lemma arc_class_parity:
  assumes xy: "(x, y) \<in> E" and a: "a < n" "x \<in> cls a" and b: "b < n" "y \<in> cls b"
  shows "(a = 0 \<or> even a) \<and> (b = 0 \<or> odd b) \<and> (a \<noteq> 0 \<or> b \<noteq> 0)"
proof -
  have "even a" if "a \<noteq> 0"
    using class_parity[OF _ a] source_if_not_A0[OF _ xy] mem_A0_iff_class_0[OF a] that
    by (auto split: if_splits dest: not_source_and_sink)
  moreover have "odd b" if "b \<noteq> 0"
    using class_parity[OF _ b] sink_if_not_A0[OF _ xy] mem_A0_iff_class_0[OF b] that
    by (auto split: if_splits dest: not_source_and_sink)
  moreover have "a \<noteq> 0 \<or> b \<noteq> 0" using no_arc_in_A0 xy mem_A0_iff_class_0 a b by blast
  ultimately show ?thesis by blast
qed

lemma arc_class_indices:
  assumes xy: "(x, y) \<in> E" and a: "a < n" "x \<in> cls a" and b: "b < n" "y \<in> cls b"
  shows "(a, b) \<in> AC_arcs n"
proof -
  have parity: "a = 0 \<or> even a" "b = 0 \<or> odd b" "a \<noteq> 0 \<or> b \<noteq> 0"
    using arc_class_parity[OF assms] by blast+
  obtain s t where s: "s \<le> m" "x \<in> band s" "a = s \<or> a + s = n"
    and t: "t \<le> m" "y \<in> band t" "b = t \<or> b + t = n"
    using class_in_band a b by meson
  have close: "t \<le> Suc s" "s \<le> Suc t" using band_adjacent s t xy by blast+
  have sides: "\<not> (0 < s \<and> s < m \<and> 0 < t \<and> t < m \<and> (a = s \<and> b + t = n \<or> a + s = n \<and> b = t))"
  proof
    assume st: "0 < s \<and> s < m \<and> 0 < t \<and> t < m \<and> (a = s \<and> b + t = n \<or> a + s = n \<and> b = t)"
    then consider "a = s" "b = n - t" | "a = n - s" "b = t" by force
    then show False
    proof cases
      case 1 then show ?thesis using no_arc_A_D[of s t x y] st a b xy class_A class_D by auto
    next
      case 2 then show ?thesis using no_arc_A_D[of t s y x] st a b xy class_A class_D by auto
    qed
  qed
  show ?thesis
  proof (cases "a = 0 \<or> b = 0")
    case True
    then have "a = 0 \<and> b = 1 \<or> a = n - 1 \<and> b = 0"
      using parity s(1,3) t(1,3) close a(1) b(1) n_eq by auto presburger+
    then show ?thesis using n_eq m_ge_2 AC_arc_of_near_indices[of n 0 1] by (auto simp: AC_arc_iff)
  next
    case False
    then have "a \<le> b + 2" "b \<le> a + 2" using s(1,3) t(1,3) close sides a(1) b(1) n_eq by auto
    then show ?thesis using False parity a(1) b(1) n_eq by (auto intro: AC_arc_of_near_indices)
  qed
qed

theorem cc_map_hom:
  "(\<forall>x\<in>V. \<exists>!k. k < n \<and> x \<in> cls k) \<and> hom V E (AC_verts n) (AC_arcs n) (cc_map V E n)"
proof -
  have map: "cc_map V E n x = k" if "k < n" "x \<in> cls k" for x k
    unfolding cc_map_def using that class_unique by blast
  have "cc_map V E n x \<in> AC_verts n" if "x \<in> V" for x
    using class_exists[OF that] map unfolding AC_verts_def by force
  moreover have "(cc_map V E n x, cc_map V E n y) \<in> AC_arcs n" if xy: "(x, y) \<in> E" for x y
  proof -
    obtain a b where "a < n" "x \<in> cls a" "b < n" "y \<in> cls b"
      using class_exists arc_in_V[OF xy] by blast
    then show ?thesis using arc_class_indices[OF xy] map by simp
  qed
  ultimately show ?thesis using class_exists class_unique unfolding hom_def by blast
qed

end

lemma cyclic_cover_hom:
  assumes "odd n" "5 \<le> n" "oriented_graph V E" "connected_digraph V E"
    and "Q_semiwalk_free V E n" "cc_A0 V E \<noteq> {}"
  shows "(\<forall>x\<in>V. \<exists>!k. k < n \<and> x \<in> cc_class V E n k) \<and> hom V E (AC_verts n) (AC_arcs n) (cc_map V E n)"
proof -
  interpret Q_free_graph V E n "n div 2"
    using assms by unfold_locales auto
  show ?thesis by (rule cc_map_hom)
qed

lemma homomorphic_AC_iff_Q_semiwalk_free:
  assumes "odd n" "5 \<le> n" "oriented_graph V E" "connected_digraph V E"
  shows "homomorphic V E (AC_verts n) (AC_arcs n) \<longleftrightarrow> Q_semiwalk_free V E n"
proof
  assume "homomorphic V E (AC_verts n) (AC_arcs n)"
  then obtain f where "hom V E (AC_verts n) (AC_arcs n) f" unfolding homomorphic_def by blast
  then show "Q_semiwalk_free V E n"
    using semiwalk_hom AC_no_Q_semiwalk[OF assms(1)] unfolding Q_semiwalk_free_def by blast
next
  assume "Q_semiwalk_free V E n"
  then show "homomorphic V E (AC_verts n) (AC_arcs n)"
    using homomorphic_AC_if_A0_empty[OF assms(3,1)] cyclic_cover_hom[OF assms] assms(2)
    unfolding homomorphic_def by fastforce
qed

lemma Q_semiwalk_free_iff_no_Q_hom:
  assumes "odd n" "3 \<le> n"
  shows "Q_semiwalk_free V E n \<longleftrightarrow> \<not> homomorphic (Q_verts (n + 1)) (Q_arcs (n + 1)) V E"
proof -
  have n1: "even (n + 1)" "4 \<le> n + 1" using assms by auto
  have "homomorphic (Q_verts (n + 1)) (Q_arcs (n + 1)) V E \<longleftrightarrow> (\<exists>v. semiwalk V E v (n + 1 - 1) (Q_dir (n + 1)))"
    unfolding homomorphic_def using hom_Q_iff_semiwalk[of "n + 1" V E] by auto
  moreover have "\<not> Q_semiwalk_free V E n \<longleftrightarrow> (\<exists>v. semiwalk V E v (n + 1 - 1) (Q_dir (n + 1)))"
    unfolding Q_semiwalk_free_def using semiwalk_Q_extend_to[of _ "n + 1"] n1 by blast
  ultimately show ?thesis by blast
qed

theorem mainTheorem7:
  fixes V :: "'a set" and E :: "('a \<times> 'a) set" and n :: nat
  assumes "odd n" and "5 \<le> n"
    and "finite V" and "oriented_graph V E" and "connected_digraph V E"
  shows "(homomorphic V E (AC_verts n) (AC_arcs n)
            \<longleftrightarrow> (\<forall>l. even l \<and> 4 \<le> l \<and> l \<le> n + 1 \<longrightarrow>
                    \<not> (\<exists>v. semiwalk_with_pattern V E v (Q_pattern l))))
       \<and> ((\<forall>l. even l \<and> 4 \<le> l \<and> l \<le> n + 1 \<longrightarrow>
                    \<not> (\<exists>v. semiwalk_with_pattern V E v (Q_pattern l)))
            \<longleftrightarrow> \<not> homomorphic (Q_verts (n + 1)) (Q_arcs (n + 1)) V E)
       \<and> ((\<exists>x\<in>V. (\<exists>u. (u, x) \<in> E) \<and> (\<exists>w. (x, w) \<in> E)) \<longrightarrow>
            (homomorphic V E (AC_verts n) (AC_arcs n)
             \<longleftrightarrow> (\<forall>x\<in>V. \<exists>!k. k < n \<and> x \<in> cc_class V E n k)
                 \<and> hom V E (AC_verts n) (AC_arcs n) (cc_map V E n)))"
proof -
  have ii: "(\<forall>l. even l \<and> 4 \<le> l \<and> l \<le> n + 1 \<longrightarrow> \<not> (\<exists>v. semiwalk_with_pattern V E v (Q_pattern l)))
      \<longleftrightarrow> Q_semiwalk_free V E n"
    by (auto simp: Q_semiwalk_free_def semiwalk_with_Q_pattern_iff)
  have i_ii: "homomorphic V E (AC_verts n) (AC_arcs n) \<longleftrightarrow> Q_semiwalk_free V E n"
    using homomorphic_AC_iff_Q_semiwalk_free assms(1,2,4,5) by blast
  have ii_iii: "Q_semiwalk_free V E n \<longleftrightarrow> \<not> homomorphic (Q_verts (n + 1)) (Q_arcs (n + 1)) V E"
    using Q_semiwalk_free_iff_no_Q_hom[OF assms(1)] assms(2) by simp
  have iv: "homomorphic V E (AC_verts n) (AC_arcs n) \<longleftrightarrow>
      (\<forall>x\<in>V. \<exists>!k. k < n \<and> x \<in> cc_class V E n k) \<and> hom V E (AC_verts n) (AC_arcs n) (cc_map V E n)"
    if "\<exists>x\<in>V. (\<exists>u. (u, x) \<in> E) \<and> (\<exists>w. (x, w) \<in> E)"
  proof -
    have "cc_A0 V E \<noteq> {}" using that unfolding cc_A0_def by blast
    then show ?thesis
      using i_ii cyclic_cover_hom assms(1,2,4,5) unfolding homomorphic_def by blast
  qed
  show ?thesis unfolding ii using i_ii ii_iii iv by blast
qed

+ + +

§ WHAT IS BEING ASKED
Scan the entries above and show each line that contains the word "longrightarrow".

§ RESULT OF THE EXERCISE
            \<longleftrightarrow> (\<forall>l. even l \<and> 4 \<le> l \<and> l \<le> n + 1 \<longrightarrow>
       \<and> ((\<forall>l. even l \<and> 4 \<le> l \<and> l \<le> n + 1 \<longrightarrow>
       \<and> ((\<exists>x\<in>V. (\<exists>u. (u, x) \<in> E) \<and> (\<exists>w. (x, w) \<in> E)) \<longrightarrow>
  have ii: "(\<forall>l. even l \<and> 4 \<le> l \<and> l \<le> n + 1 \<longrightarrow> \<not> (\<exists>v. semiwalk_with_pattern V E v (Q_pattern l)))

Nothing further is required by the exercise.